Count all lines holding "definition" in the data below and say the number, nothing more.

────────────────────────────────────────

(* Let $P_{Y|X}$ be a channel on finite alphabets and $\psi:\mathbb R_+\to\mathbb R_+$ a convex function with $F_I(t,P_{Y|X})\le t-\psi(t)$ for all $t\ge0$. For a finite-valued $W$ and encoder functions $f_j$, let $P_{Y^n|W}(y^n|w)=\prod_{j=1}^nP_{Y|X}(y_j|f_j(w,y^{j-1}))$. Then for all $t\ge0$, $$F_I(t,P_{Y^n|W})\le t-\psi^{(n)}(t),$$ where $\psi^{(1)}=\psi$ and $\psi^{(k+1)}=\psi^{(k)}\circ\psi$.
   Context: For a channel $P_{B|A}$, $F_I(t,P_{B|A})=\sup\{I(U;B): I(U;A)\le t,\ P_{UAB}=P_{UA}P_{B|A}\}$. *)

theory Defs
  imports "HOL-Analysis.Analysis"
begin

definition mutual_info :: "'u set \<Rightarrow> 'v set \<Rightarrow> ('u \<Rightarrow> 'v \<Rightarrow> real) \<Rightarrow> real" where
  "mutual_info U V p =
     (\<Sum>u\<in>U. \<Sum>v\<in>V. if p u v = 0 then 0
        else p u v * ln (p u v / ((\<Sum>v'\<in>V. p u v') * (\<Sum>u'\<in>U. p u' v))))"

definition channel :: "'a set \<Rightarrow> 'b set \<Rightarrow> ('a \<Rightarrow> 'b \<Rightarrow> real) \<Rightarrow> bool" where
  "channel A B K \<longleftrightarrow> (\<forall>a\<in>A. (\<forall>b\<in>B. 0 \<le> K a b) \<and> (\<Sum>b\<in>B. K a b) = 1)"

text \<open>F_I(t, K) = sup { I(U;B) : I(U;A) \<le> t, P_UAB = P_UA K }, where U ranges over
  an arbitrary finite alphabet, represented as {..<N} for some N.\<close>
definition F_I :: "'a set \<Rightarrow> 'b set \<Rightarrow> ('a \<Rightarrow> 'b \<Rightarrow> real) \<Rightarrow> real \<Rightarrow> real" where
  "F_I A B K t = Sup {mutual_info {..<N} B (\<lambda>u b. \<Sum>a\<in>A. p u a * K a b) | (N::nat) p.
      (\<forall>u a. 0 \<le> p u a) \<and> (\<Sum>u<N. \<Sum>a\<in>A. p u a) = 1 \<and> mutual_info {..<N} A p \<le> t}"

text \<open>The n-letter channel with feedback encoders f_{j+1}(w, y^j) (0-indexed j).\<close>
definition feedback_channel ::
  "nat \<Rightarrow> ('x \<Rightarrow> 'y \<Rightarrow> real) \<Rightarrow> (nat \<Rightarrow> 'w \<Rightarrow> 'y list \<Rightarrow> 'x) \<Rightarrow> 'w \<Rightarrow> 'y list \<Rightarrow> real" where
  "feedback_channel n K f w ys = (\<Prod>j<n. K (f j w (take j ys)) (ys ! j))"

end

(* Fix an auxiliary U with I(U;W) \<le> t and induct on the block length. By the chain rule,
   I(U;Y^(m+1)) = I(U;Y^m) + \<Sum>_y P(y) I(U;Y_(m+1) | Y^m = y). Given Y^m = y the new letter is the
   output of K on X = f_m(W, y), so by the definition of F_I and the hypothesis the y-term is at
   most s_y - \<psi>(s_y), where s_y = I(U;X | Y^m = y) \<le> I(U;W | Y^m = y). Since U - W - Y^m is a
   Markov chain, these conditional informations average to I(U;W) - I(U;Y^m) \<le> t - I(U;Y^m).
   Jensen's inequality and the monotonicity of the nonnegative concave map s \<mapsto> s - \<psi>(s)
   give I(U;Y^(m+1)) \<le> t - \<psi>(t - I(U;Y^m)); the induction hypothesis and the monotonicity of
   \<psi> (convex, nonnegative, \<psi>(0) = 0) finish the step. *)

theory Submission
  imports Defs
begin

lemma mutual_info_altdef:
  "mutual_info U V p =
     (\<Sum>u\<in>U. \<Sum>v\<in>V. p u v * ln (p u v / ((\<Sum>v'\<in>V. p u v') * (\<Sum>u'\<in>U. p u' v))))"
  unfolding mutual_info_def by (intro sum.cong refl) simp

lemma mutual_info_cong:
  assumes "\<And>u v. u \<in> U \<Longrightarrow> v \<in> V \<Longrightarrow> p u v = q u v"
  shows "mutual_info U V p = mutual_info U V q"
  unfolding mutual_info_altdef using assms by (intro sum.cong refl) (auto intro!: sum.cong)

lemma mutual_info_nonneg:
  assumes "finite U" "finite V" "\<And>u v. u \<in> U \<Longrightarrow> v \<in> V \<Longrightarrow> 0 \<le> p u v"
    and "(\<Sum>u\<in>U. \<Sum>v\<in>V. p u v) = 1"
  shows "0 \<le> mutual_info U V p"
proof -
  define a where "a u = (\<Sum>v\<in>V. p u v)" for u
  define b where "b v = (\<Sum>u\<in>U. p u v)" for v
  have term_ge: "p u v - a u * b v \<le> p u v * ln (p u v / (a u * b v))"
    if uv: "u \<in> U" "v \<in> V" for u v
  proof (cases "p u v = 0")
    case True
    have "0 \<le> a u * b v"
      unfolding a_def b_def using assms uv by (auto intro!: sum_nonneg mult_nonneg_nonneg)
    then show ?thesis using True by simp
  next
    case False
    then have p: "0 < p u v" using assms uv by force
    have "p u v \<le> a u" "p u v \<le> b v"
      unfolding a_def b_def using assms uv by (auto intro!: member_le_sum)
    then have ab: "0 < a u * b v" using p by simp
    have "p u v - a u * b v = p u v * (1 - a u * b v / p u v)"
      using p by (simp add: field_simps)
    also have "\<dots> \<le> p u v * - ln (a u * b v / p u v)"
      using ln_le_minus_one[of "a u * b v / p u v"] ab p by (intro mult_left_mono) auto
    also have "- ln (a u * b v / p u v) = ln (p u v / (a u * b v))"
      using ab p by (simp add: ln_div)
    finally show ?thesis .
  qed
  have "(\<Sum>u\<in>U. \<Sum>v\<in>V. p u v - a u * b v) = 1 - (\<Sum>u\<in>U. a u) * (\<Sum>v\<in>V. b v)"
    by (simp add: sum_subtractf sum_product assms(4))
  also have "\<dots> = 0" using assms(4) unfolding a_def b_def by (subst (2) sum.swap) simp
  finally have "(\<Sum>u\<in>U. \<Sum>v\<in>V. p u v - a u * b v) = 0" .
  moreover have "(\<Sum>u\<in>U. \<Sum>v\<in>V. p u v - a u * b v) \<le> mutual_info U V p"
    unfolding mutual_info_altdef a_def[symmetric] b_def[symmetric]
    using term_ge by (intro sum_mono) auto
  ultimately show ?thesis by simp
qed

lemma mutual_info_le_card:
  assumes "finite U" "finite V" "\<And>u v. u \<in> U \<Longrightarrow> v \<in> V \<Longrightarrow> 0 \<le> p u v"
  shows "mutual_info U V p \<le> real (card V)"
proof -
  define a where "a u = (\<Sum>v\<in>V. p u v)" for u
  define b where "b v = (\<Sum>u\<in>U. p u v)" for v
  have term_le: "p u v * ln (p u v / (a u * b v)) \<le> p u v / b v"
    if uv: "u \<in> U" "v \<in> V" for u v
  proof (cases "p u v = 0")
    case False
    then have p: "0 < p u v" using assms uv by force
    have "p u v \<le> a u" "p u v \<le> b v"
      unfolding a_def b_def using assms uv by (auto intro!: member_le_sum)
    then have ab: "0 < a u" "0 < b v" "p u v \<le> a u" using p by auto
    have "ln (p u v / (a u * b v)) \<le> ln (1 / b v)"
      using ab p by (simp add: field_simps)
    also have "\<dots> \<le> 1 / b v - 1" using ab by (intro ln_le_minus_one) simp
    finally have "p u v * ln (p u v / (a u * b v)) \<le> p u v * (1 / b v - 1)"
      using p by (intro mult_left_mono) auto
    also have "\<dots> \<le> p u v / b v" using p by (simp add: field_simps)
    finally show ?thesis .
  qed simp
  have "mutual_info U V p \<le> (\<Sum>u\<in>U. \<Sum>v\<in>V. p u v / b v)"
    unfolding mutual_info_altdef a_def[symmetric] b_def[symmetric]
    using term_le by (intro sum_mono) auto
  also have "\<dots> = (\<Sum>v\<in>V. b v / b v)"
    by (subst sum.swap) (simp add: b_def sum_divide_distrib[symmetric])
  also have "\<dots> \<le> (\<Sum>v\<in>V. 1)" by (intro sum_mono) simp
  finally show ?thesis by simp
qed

────────────────────────────────────────

EXPECTED OUTPUT
5